**** INFORMATION GIVEN ****

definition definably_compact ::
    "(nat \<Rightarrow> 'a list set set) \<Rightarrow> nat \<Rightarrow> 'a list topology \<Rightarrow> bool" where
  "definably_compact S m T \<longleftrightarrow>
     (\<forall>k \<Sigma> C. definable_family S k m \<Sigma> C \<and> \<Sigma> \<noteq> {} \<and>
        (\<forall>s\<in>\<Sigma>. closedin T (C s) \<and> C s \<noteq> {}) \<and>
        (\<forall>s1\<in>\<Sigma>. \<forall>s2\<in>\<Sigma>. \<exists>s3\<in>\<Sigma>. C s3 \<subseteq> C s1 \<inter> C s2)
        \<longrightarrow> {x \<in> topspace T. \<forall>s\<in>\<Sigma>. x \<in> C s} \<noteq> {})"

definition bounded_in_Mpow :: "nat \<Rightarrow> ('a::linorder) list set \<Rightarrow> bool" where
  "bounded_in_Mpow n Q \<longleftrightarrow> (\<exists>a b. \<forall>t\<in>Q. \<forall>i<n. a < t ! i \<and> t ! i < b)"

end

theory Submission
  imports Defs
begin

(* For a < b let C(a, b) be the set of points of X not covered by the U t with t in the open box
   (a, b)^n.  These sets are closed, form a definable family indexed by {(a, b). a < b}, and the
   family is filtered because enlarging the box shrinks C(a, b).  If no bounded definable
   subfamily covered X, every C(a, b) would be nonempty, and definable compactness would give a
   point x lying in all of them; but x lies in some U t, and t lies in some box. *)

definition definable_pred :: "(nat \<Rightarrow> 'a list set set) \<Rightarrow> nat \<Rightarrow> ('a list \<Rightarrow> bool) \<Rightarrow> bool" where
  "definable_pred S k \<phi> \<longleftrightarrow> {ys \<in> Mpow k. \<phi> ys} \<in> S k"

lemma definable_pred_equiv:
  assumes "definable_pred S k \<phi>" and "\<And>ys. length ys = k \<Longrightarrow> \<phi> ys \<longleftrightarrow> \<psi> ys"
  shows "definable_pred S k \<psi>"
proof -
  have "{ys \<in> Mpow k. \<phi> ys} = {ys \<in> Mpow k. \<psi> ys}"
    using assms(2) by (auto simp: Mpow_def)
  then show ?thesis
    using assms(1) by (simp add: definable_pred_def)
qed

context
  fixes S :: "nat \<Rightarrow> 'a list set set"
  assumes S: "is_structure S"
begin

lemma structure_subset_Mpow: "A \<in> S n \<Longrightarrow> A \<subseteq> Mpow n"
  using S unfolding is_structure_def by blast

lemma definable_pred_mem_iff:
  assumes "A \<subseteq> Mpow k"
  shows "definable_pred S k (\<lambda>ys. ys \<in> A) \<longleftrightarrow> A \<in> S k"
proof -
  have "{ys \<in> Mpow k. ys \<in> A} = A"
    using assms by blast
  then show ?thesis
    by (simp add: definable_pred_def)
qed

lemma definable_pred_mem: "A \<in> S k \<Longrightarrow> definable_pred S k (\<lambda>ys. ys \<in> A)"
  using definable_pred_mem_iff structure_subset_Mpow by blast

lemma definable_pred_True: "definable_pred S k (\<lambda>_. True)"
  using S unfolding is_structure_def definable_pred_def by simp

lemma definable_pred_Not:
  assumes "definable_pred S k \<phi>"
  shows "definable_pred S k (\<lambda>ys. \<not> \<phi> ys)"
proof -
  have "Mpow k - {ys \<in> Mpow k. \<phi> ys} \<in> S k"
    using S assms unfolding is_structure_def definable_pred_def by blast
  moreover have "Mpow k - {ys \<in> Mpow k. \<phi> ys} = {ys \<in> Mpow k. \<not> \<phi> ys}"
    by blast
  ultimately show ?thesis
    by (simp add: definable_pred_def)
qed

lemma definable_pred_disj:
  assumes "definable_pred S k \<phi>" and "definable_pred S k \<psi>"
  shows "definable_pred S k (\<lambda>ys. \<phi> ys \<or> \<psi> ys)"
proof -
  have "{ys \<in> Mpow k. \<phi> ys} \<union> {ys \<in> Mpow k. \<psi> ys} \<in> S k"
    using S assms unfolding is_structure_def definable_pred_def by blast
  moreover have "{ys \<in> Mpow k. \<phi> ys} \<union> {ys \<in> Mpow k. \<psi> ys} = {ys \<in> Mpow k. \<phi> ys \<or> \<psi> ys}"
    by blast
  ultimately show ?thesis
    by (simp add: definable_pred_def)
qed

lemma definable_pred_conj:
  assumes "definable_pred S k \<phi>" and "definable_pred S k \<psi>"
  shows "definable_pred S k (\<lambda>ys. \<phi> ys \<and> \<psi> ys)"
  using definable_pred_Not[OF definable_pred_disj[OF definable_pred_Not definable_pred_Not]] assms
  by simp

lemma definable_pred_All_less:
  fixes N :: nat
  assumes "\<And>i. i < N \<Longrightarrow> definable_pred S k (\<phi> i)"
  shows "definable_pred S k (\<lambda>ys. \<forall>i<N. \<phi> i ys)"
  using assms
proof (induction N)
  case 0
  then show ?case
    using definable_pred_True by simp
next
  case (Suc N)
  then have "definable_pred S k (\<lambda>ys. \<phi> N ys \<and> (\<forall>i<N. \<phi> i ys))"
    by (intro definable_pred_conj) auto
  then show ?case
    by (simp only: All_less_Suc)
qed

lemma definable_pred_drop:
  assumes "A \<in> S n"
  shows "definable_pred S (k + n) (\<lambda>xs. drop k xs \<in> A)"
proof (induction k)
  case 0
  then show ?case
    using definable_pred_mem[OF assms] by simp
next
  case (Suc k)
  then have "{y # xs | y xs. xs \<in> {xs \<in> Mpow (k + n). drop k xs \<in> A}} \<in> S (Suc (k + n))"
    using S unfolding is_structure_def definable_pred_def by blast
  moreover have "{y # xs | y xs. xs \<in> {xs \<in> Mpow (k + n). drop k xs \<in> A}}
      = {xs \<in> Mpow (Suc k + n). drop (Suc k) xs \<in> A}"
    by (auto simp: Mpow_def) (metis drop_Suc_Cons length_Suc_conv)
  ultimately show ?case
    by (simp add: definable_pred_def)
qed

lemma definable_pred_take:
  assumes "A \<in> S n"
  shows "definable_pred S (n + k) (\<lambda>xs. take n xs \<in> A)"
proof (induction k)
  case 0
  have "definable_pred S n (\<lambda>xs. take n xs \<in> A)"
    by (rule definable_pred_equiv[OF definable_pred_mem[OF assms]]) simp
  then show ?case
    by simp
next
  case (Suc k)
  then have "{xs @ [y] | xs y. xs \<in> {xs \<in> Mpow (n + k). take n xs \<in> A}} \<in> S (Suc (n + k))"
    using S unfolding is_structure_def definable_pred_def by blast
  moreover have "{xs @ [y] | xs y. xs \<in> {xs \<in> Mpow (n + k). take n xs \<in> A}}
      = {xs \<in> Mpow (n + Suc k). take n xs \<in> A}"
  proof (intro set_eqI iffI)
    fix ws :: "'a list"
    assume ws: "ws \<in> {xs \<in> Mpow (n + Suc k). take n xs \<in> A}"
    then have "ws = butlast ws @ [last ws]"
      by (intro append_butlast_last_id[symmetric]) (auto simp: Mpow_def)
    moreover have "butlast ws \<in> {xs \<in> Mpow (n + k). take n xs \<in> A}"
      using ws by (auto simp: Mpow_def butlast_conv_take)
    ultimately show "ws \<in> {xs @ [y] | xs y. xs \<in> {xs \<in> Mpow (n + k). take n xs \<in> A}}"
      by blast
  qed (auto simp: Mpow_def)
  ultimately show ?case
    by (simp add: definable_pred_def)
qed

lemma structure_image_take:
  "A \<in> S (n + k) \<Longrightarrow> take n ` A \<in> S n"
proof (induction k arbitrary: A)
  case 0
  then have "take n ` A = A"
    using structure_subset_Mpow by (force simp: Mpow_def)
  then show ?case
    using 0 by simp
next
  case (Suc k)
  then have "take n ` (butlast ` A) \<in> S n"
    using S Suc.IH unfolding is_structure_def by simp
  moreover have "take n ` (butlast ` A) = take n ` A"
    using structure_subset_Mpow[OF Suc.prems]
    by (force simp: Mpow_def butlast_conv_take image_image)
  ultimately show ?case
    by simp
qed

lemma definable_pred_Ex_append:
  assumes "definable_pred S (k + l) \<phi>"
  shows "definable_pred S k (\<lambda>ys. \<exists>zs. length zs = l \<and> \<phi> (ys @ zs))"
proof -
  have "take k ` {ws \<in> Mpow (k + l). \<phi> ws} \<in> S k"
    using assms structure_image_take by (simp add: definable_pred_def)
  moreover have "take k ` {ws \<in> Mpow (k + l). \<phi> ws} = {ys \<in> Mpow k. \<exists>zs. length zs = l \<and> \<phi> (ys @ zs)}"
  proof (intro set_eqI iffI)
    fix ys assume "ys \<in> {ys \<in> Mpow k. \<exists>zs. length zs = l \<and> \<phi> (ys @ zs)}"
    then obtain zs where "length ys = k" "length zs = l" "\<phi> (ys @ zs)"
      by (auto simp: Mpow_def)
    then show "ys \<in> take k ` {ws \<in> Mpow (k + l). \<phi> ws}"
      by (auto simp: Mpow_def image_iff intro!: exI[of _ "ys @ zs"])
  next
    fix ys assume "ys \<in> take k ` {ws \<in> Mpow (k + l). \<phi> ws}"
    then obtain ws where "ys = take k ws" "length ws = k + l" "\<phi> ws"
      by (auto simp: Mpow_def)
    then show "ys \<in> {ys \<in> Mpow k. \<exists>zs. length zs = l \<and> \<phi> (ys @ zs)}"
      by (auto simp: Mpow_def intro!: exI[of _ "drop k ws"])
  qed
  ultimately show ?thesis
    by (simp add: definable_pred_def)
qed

****

WORK REQUEST:
Pull out all lines from the entries above in which the word "obtain" appears.

SOLUTION TO THE PROBLEM:
    then obtain zs where "length ys = k" "length zs = l" "\<phi> (ys @ zs)"
    then obtain ws where "ys = take k ws" "length ws = k + l" "\<phi> ws"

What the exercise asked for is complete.